Excerpted records below:

section \<open>The mechanism\<close>

lemma exp_neg_hyp_dist_le:
  assumes "z \<in> hyperboloid" "x \<in> hyperboloid" "x' \<in> hyperboloid" and "eps \<ge> 0"
  shows "exp (- eps * hyp_dist z x) \<le> exp (eps * hyp_dist x x') * exp (- eps * hyp_dist z x')"
proof -
  have "hyp_dist z x' \<le> hyp_dist z x + hyp_dist x x'"
    using hyp_dist_triangle assms(1-3) by blast
  from mult_left_mono[OF this \<open>eps \<ge> 0\<close>]
  have "- eps * hyp_dist z x \<le> eps * hyp_dist x x' + - eps * hyp_dist z x'"
    by (simp add: algebra_simps)
  then show ?thesis
    by (simp flip: exp_add)
qed

lemma hyp_dist_measurable[measurable]: "(\<lambda>z. hyp_dist z p) \<in> borel_measurable borel"
proof -
  have "(\<lambda>z. - lorentz_inner z p) \<in> borel_measurable borel"
    unfolding lorentz_inner_def by (intro borel_measurable_continuous_onI continuous_intros)
  moreover have "(arcosh :: real \<Rightarrow> real) \<in> borel_measurable borel"
    unfolding arcosh_def[abs_def] by simp
  ultimately show ?thesis
    unfolding hyp_dist_def by (rule measurable_compose)
qed

lemma hyp_laplace_norm_hyp_motion:
  assumes "hyp_motion g"
  shows "hyp_laplace_norm eps (g x) = hyp_laplace_norm eps x"
proof -
  have "hyp_laplace_norm eps (g x) = (\<integral>\<^sup>+ z. ennreal (exp (- eps * hyp_dist (g z) (g x))) \<partial>hyp_volume)"
    unfolding hyp_laplace_norm_def by (rule nn_integral_hyp_motion[OF assms, symmetric]) measurable
  then show ?thesis
    by (simp add: hyp_laplace_norm_def hyp_dist_hyp_motion[OF assms])
qed

lemma hyp_laplace_norm_eq:
  fixes x x' :: "real \<times> 'a::euclidean_space"
  assumes "x \<in> hyperboloid" "x' \<in> hyperboloid"
  shows "hyp_laplace_norm eps x = hyp_laplace_norm eps x'"
proof -
  obtain g where g: "hyp_motion g" "g x = (1, 0)"
    using hyp_motion_to_origin[OF assms(1)] .
  obtain g' where g': "hyp_motion g'" "g' x' = (1, 0)"
    using hyp_motion_to_origin[OF assms(2)] .
  have "hyp_laplace_norm eps x = hyp_laplace_norm eps (1, 0 :: 'a)"
    using hyp_laplace_norm_hyp_motion[OF g(1), of eps x] by (simp add: g(2))
  also have "\<dots> = hyp_laplace_norm eps x'"
    using hyp_laplace_norm_hyp_motion[OF g'(1), of eps x'] by (simp add: g'(2))
  finally show ?thesis .
qed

End of Excerpted records.

**Work required:**
Once more, write out the entries exactly as they were written.

**Response:**
section \<open>The mechanism\<close>

lemma exp_neg_hyp_dist_le:
  assumes "z \<in> hyperboloid" "x \<in> hyperboloid" "x' \<in> hyperboloid" and "eps \<ge> 0"
  shows "exp (- eps * hyp_dist z x) \<le> exp (eps * hyp_dist x x') * exp (- eps * hyp_dist z x')"
proof -
  have "hyp_dist z x' \<le> hyp_dist z x + hyp_dist x x'"
    using hyp_dist_triangle assms(1-3) by blast
  from mult_left_mono[OF this \<open>eps \<ge> 0\<close>]
  have "- eps * hyp_dist z x \<le> eps * hyp_dist x x' + - eps * hyp_dist z x'"
    by (simp add: algebra_simps)
  then show ?thesis
    by (simp flip: exp_add)
qed

lemma hyp_dist_measurable[measurable]: "(\<lambda>z. hyp_dist z p) \<in> borel_measurable borel"
proof -
  have "(\<lambda>z. - lorentz_inner z p) \<in> borel_measurable borel"
    unfolding lorentz_inner_def by (intro borel_measurable_continuous_onI continuous_intros)
  moreover have "(arcosh :: real \<Rightarrow> real) \<in> borel_measurable borel"
    unfolding arcosh_def[abs_def] by simp
  ultimately show ?thesis
    unfolding hyp_dist_def by (rule measurable_compose)
qed

lemma hyp_laplace_norm_hyp_motion:
  assumes "hyp_motion g"
  shows "hyp_laplace_norm eps (g x) = hyp_laplace_norm eps x"
proof -
  have "hyp_laplace_norm eps (g x) = (\<integral>\<^sup>+ z. ennreal (exp (- eps * hyp_dist (g z) (g x))) \<partial>hyp_volume)"
    unfolding hyp_laplace_norm_def by (rule nn_integral_hyp_motion[OF assms, symmetric]) measurable
  then show ?thesis
    by (simp add: hyp_laplace_norm_def hyp_dist_hyp_motion[OF assms])
qed

lemma hyp_laplace_norm_eq:
  fixes x x' :: "real \<times> 'a::euclidean_space"
  assumes "x \<in> hyperboloid" "x' \<in> hyperboloid"
  shows "hyp_laplace_norm eps x = hyp_laplace_norm eps x'"
proof -
  obtain g where g: "hyp_motion g" "g x = (1, 0)"
    using hyp_motion_to_origin[OF assms(1)] .
  obtain g' where g': "hyp_motion g'" "g' x' = (1, 0)"
    using hyp_motion_to_origin[OF assms(2)] .
  have "hyp_laplace_norm eps x = hyp_laplace_norm eps (1, 0 :: 'a)"
    using hyp_laplace_norm_hyp_motion[OF g(1), of eps x] by (simp add: g(2))
  also have "\<dots> = hyp_laplace_norm eps x'"
    using hyp_laplace_norm_hyp_motion[OF g'(1), of eps x'] by (simp add: g'(2))
  finally show ?thesis .
qed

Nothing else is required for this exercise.